[Stored data]
━━━━━━━━━━━━━━━━━━━━
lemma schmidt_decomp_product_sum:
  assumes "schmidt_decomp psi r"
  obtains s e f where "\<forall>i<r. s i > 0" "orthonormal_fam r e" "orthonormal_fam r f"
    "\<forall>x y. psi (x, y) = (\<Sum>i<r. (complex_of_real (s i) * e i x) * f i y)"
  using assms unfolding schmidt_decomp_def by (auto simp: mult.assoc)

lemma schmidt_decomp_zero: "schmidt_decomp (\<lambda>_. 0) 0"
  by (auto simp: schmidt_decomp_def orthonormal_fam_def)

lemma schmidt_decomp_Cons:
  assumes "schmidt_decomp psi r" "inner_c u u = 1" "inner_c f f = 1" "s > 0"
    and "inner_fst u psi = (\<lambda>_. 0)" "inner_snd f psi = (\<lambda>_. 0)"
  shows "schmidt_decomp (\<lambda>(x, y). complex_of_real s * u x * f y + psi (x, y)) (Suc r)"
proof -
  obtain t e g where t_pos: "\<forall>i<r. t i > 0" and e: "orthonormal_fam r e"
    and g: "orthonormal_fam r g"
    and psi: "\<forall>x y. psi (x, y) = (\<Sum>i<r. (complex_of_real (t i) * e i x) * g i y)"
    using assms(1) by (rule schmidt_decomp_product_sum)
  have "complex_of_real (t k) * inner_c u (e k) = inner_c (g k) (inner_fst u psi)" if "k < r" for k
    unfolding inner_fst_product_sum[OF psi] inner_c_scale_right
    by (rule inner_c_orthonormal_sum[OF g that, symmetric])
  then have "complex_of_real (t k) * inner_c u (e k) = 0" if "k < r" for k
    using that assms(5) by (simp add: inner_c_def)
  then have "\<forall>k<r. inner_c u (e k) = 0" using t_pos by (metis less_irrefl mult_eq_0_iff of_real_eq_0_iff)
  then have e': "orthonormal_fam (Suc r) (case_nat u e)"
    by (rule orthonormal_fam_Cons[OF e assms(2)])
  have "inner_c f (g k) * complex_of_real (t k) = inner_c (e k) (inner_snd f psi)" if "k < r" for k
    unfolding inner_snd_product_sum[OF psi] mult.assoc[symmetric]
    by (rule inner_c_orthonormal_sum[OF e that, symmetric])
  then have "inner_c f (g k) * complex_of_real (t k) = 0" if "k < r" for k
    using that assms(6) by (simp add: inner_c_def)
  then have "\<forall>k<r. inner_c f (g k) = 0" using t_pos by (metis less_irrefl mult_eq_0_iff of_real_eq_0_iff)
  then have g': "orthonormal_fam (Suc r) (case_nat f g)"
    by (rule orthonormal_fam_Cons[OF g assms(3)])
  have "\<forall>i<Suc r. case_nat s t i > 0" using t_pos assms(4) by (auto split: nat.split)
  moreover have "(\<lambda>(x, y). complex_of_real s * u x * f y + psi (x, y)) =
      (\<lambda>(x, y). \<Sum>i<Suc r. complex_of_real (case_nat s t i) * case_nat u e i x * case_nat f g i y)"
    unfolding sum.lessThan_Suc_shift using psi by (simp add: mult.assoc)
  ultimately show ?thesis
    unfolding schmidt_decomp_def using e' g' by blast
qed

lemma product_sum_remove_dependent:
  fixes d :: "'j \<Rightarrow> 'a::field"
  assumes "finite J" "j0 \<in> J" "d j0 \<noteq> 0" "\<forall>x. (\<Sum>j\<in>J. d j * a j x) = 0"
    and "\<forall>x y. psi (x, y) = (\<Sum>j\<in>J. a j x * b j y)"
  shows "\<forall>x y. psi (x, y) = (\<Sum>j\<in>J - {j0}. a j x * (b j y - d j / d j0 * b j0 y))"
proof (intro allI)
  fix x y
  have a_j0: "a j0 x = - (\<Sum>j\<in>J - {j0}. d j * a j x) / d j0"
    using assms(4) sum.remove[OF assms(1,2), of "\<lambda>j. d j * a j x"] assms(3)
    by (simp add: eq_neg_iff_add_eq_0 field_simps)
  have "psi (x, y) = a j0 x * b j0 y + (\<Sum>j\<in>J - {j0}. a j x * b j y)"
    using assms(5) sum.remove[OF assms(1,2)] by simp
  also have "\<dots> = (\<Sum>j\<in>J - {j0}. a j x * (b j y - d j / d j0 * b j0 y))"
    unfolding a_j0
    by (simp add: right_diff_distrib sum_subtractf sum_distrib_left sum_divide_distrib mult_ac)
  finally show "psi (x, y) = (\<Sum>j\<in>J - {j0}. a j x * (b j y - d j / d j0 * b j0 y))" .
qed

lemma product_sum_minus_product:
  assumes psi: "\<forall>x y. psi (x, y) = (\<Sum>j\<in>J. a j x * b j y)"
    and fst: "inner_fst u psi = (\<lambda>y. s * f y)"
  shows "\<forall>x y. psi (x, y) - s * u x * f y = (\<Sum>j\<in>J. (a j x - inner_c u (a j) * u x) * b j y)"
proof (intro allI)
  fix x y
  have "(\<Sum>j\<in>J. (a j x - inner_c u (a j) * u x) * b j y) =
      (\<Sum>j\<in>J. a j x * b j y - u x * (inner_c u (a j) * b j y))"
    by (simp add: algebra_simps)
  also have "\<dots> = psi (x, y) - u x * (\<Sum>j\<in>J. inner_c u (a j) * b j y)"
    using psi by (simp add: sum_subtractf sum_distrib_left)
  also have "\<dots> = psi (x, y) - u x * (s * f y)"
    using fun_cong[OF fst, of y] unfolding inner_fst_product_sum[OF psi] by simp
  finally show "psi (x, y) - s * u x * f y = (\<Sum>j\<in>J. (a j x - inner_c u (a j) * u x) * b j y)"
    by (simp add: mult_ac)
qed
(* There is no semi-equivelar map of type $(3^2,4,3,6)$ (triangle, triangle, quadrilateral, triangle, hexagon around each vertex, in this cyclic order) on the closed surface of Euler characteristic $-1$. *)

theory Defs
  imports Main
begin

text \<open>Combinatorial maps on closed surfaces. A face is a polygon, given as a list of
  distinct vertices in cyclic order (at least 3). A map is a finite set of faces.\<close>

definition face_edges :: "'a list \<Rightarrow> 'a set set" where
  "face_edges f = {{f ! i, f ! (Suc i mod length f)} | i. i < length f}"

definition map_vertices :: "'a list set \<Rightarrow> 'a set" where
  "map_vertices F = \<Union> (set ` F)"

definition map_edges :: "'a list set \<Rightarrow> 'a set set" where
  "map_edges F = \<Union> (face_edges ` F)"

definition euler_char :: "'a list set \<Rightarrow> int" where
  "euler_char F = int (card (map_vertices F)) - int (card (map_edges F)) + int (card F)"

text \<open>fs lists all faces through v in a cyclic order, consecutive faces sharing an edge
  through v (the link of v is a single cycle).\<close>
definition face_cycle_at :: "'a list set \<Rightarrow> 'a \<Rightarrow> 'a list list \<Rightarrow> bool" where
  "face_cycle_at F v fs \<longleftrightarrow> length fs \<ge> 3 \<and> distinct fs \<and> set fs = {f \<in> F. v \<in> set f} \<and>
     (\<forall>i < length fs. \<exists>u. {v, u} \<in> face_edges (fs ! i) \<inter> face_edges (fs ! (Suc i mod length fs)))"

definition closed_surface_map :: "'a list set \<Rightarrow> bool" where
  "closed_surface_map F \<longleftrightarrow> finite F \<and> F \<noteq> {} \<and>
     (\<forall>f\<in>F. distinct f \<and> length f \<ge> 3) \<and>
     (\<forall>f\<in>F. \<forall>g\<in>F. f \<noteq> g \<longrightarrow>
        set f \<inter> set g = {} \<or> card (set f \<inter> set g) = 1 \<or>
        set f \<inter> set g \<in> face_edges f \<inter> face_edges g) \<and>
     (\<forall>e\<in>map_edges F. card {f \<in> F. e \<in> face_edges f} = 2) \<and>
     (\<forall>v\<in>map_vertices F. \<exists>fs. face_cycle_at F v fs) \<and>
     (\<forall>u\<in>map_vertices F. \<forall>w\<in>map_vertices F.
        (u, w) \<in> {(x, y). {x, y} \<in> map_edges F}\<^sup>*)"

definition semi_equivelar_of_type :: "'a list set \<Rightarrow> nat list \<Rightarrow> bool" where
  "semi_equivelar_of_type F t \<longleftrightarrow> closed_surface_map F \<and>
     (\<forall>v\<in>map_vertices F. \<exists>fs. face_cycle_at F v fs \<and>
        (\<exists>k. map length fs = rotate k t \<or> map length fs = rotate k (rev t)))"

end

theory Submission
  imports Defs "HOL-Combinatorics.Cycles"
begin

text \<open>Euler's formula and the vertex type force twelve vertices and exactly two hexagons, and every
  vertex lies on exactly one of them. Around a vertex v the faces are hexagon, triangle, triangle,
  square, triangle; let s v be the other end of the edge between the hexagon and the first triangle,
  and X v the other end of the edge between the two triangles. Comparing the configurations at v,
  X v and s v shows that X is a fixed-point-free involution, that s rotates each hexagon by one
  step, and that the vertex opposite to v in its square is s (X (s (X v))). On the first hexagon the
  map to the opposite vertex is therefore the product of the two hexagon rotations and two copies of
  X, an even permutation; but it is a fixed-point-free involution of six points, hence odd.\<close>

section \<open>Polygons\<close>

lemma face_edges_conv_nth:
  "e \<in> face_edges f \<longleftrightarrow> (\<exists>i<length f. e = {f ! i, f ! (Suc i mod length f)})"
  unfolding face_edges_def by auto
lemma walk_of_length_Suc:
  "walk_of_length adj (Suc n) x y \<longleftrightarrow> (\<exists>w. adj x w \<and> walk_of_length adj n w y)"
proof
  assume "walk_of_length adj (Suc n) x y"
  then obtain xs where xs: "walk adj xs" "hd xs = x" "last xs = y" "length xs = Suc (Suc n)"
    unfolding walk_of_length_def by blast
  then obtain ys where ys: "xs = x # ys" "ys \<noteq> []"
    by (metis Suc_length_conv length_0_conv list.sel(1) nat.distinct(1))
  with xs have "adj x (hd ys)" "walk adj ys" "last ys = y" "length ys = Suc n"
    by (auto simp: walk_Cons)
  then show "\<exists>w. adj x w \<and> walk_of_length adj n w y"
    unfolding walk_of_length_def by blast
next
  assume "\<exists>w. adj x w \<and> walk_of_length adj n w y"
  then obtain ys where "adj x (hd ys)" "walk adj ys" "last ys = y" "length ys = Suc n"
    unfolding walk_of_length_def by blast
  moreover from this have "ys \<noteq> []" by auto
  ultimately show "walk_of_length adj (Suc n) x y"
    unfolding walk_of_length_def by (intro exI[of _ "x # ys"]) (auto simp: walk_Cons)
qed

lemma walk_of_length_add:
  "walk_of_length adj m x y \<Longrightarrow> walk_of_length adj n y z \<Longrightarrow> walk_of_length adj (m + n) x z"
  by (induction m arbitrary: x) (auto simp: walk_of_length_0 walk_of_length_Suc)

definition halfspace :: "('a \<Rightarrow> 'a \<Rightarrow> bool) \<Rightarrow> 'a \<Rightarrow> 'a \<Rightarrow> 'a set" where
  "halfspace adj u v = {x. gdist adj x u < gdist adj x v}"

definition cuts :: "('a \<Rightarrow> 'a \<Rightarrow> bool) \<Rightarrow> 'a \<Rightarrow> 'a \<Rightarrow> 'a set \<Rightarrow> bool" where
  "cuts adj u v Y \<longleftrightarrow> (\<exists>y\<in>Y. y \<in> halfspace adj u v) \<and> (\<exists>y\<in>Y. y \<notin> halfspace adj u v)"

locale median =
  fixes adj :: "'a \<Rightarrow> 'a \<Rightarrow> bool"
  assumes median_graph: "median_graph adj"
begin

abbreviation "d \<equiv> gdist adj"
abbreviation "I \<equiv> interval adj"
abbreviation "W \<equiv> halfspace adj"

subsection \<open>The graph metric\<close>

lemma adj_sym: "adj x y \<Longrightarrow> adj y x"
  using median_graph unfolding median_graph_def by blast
━━━━━━━━━━━━━━━━━━━━
* Brief:
Set every line down again exactly. Begin with the first line of the entries and finish with the line containing "obtain t e g".

* Expected output:
lemma schmidt_decomp_product_sum:
  assumes "schmidt_decomp psi r"
  obtains s e f where "\<forall>i<r. s i > 0" "orthonormal_fam r e" "orthonormal_fam r f"
    "\<forall>x y. psi (x, y) = (\<Sum>i<r. (complex_of_real (s i) * e i x) * f i y)"
  using assms unfolding schmidt_decomp_def by (auto simp: mult.assoc)

lemma schmidt_decomp_zero: "schmidt_decomp (\<lambda>_. 0) 0"
  by (auto simp: schmidt_decomp_def orthonormal_fam_def)

lemma schmidt_decomp_Cons:
  assumes "schmidt_decomp psi r" "inner_c u u = 1" "inner_c f f = 1" "s > 0"
    and "inner_fst u psi = (\<lambda>_. 0)" "inner_snd f psi = (\<lambda>_. 0)"
  shows "schmidt_decomp (\<lambda>(x, y). complex_of_real s * u x * f y + psi (x, y)) (Suc r)"
proof -
  obtain t e g where t_pos: "\<forall>i<r. t i > 0" and e: "orthonormal_fam r e"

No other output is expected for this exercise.